So far, our IO examples have included plenty of O, but no I at all! Let's start very simply, with hello.hs.

main = do
  putStr "What is your name? "
  n <- getLine
  putStrLn ("Hello, " ++ n ++ "!")

This example introduces the function getLine :: IO String, which reads a line from standard input. Just for now, we will say that functions like getLine are "IO computations" and return a value which is "IO encumbered".

This example also demonstrates some new syntax, and the second sort of thing we can put in a do expression. The line n <- getLine binds a name n to the value returned by the IO computation getLine, removing the IO encumbering. So in this example, the type of n is n :: String, which makes it a suitable candidate for the string concatenations in the next line.

Unsurprisingly, names bound by <- in a do expression are in scope till the end of the do expression.

The only way to retrieve a value from an IO computation, and remove the IO encumbrance, is to bind a name to the value with <- in a do expression. It's easy to think that getLine is returning a plain String value, and try to write code like badhello.hs.

main = do
  putStr "What is your name? "
  putStrLn ("Hello, " ++ getLine ++ "!") -- illegal

This won't work, and the compiler will tell you so in no uncertain terms. (If you know much about lazy evaluation, you'll see that even if it didn't contain a type error, this example probably wouldn't do what we intend: it would start writing Hello before calling getLine. Remember that do helps us to ensure that IO actions occur in a useful sequence.)
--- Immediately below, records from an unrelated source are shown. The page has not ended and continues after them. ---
lemma psd_pivot_step:
  assumes "psd B" "B $ k $ k \<noteq> 0"
  defines "u \<equiv> \<chi> j. B $ j $ k / of_real (sqrt (Re (B $ k $ k)))"
  shows "psd (B - outer_product u u)"
    and "{j. (B - outer_product u u) $ j $ j \<noteq> 0} \<subset> {j. B $ j $ j \<noteq> 0}"
proof -
  define c where "c = Re (B $ k $ k)"
  have herm: "hermitian B" using assms(1) unfolding psd_def by blast
  have Bkk: "B $ k $ k = of_real c" unfolding c_def by (rule hermitian_diag_real[OF herm])
  have "c \<noteq> 0" using assms(2) Bkk by auto
  then have "0 < c" using psd_diag_nonneg[OF assms(1), of k] unfolding c_def by simp
  have uu: "u $ i * cnj (u $ j) = B $ i $ k * cnj (B $ j $ k) / of_real c" for i j
    using \<open>0 < c\<close> unfolding u_def c_def[symmetric]
    by (simp add: power2_eq_square of_real_mult[symmetric] del: of_real_mult)
  show "psd (B - outer_product u u)"
    unfolding psd_def
  proof (intro conjI allI)
    show "hermitian (B - outer_product u u)"
      by (rule hermitian_diff[OF herm hermitian_outer_product_self])
    fix v
    define y where "y = (\<Sum>j\<in>UNIV. B $ k $ j * v $ j)"
    have "(\<Sum>i\<in>UNIV. cnj (v $ i) * u $ i) = cnj y / of_real (sqrt c)"
      unfolding u_def y_def c_def[symmetric] using hermitian_entry[OF herm, of k]
      by (simp add: sum_divide_distrib mult.commute)
    then have "quad_form (outer_product u u) v = of_real ((cmod y / sqrt c)\<^sup>2)"
      unfolding quad_form_outer_product_self using \<open>0 < c\<close> by (simp add: norm_divide del: of_real_power)
    also have "(cmod y / sqrt c)\<^sup>2 = (cmod y)\<^sup>2 / c"
      using \<open>0 < c\<close> by (simp add: power_divide)
    finally have "quad_form (outer_product u u) v = of_real ((cmod y)\<^sup>2 / c)" .
    moreover have "(cmod y)\<^sup>2 / c \<le> Re (quad_form B v)"
      using psd_cauchy_schwarz[OF assms(1), of k v] \<open>0 < c\<close> unfolding y_def c_def[symmetric]
      by (simp add: divide_le_eq)
    ultimately show "Im (quad_form (B - outer_product u u) v) = 0"
      and "0 \<le> Re (quad_form (B - outer_product u u) v)"
      unfolding quad_form_diff using Im_quad_form_hermitian[OF herm] by simp_all
  qed
  have "(B - outer_product u u) $ k $ k = 0"
    using \<open>0 < c\<close> by (simp add: uu Bkk)
  moreover have "(B - outer_product u u) $ j $ j = 0" if "B $ j $ j = 0" for j
    using psd_diag_eq_0_imp_row_eq_0[OF assms(1) that, of k] that by (simp add: uu)
  ultimately show "{j. (B - outer_product u u) $ j $ j \<noteq> 0} \<subset> {j. B $ j $ j \<noteq> 0}"
    using assms(2) by blast
qed

lemma psd_eq_sum_outer_products:
  fixes B :: "complex^'n::finite^'n"
  assumes "psd B"
  shows "\<exists>us. B = (\<Sum>u\<leftarrow>us. outer_product u u)"
  using assms
proof (induction "card {j. B $ j $ j \<noteq> 0}" arbitrary: B rule: less_induct)
  case less
  show ?case
  proof (cases "\<exists>k. B $ k $ k \<noteq> 0")
    case False
    then have "B $ i $ j = 0" for i j
      using psd_diag_eq_0_imp_row_eq_0[OF less.prems] by blast
    then have "B = 0" by (simp add: vec_eq_iff)
    then have "B = (\<Sum>u\<leftarrow>[]. outer_product u u)" by simp
    then show ?thesis by blast
  next
    case True
    then obtain k where "B $ k $ k \<noteq> 0" by blast
    define u where "u = (\<chi> j. B $ j $ k / of_real (sqrt (Re (B $ k $ k))))"
    note step = psd_pivot_step[OF less.prems \<open>B $ k $ k \<noteq> 0\<close>, folded u_def]
    obtain us where "B - outer_product u u = (\<Sum>u\<leftarrow>us. outer_product u u)"
      using less.hyps[OF psubset_card_mono[OF finite step(2)] step(1)] by blast
    then have "B = outer_product u u + (\<Sum>u\<leftarrow>us. outer_product u u)"
      by (metis add.commute diff_add_cancel)
    then have "B = (\<Sum>u\<leftarrow>u # us. outer_product u u)"
      by simp
    then show ?thesis by blast
  qed
qed

lemma psd_trace_mult_nonneg:
  assumes "psd A" "psd B"
  shows "0 \<le> Re (trace (A ** B))"
proof -
  obtain us where B: "B = (\<Sum>u\<leftarrow>us. outer_product u u)"
    using psd_eq_sum_outer_products[OF assms(2)] by blast
  have "0 \<le> Re (trace (A ** (\<Sum>u\<leftarrow>us. outer_product u u)))"
  proof (induction us)
    case Nil
    then show ?case by (simp add: trace_def)
  next
    case (Cons u us)
    then show ?case
      using assms(1) unfolding psd_def
      by (simp add: matrix_add_ldistrib trace_add trace_mult_outer_product_self)
  qed
  then show ?thesis unfolding B .
qed

lemma conj_mat_entry [simp]: "conj_mat M $ i $ j = cnj (M $ i $ j)"
  unfolding conj_mat_def by simp

lemma hermitian_conj_mat: "hermitian M \<Longrightarrow> hermitian (conj_mat M)"
  by (rule hermitianI) (simp add: hermitian_entry)

lemma quad_form_conj_mat: "quad_form (conj_mat M) v = cnj (quad_form M (\<chi> i. cnj (v $ i)))"
  unfolding quad_form_def by simp

lemma psd_conj_mat: "psd M \<Longrightarrow> psd (conj_mat M)"
  unfolding psd_def quad_form_conj_mat by (auto simp: hermitian_conj_mat)

lemma trace_conj_mat: "trace (conj_mat M) = cnj (trace M)"
  unfolding trace_def by simp

lemma is_state_conj_mat: "is_state \<rho> \<Longrightarrow> is_state (conj_mat \<rho>)"
  unfolding is_state_def by (simp add: psd_conj_mat trace_conj_mat)

lemma trace_mult_conj_mat: "trace (conj_mat A ** B) = cnj (trace (A ** conj_mat B))"
  unfolding trace_matrix_mult by simp

lemma scaleR_matrix_entry [simp]: "(r *\<^sub>R M) $ i $ j = of_real r * (M :: complex^'n^'k) $ i $ j"
  unfolding vector_scaleR_component by (simp add: scaleR_conv_of_real)

lemma mix_entry [simp]:
  "mix t M $ i $ j = of_real t * M $ i $ j + of_real (1 - t) * cnj (M $ i $ j)"
  unfolding mix_def vector_add_component scaleR_matrix_entry conj_mat_entry ..

lemma hermitian_mix: "hermitian M \<Longrightarrow> hermitian (mix t M)"
  by (rule hermitianI) (simp add: hermitian_entry)

lemma trace_mix_mult:
  "trace (mix t A ** B) = of_real t * trace (A ** B) + of_real (1 - t) * trace (conj_mat A ** B)"
  unfolding trace_matrix_mult
  by (simp add: distrib_left distrib_right sum.distrib sum_distrib_left mult_ac)

lemma trace_mult_mix:
  "trace (A ** mix t B) = of_real t * trace (A ** B) + of_real (1 - t) * trace (A ** conj_mat B)"
  unfolding trace_matrix_mult
  by (simp add: distrib_left distrib_right sum.distrib sum_distrib_left mult_ac)

lemma trace_mult_mix_swap:
  assumes "hermitian A" "hermitian B"
  shows "trace (A ** mix t B) = trace (mix t A ** B)"
proof -
  have "Im (trace (A ** conj_mat B)) = 0"
    by (rule Im_trace_mult_hermitian[OF assms(1) hermitian_conj_mat[OF assms(2)]])
  then have "trace (conj_mat A ** B) = trace (A ** conj_mat B)"
    unfolding trace_mult_conj_mat by (simp add: complex_eq_iff)
  then show ?thesis unfolding trace_mix_mult trace_mult_mix by simp
qed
Just as we can define new IO actions, we can define our own IO computations, as we see in prompt.hs.

main = do
  n <- prompt "What is your name? "
  putStrLn ("Hello " ++ n ++ "!")

prompt p = do
  putStr p
  getLine

This behaves just like the first input example, of course, but we have defined a new function prompt which has type prompt :: String -> IO String.

In this case, the value returned by getLine is simply propagated by prompt. Life gets more interesting when we construct new values, as we see in countlines0.hs.

main = do
  l <- countLines "/etc/passwd"
  putStrLn (show l)

countLines f = do
  x <- readFile f
  return (length (lines x))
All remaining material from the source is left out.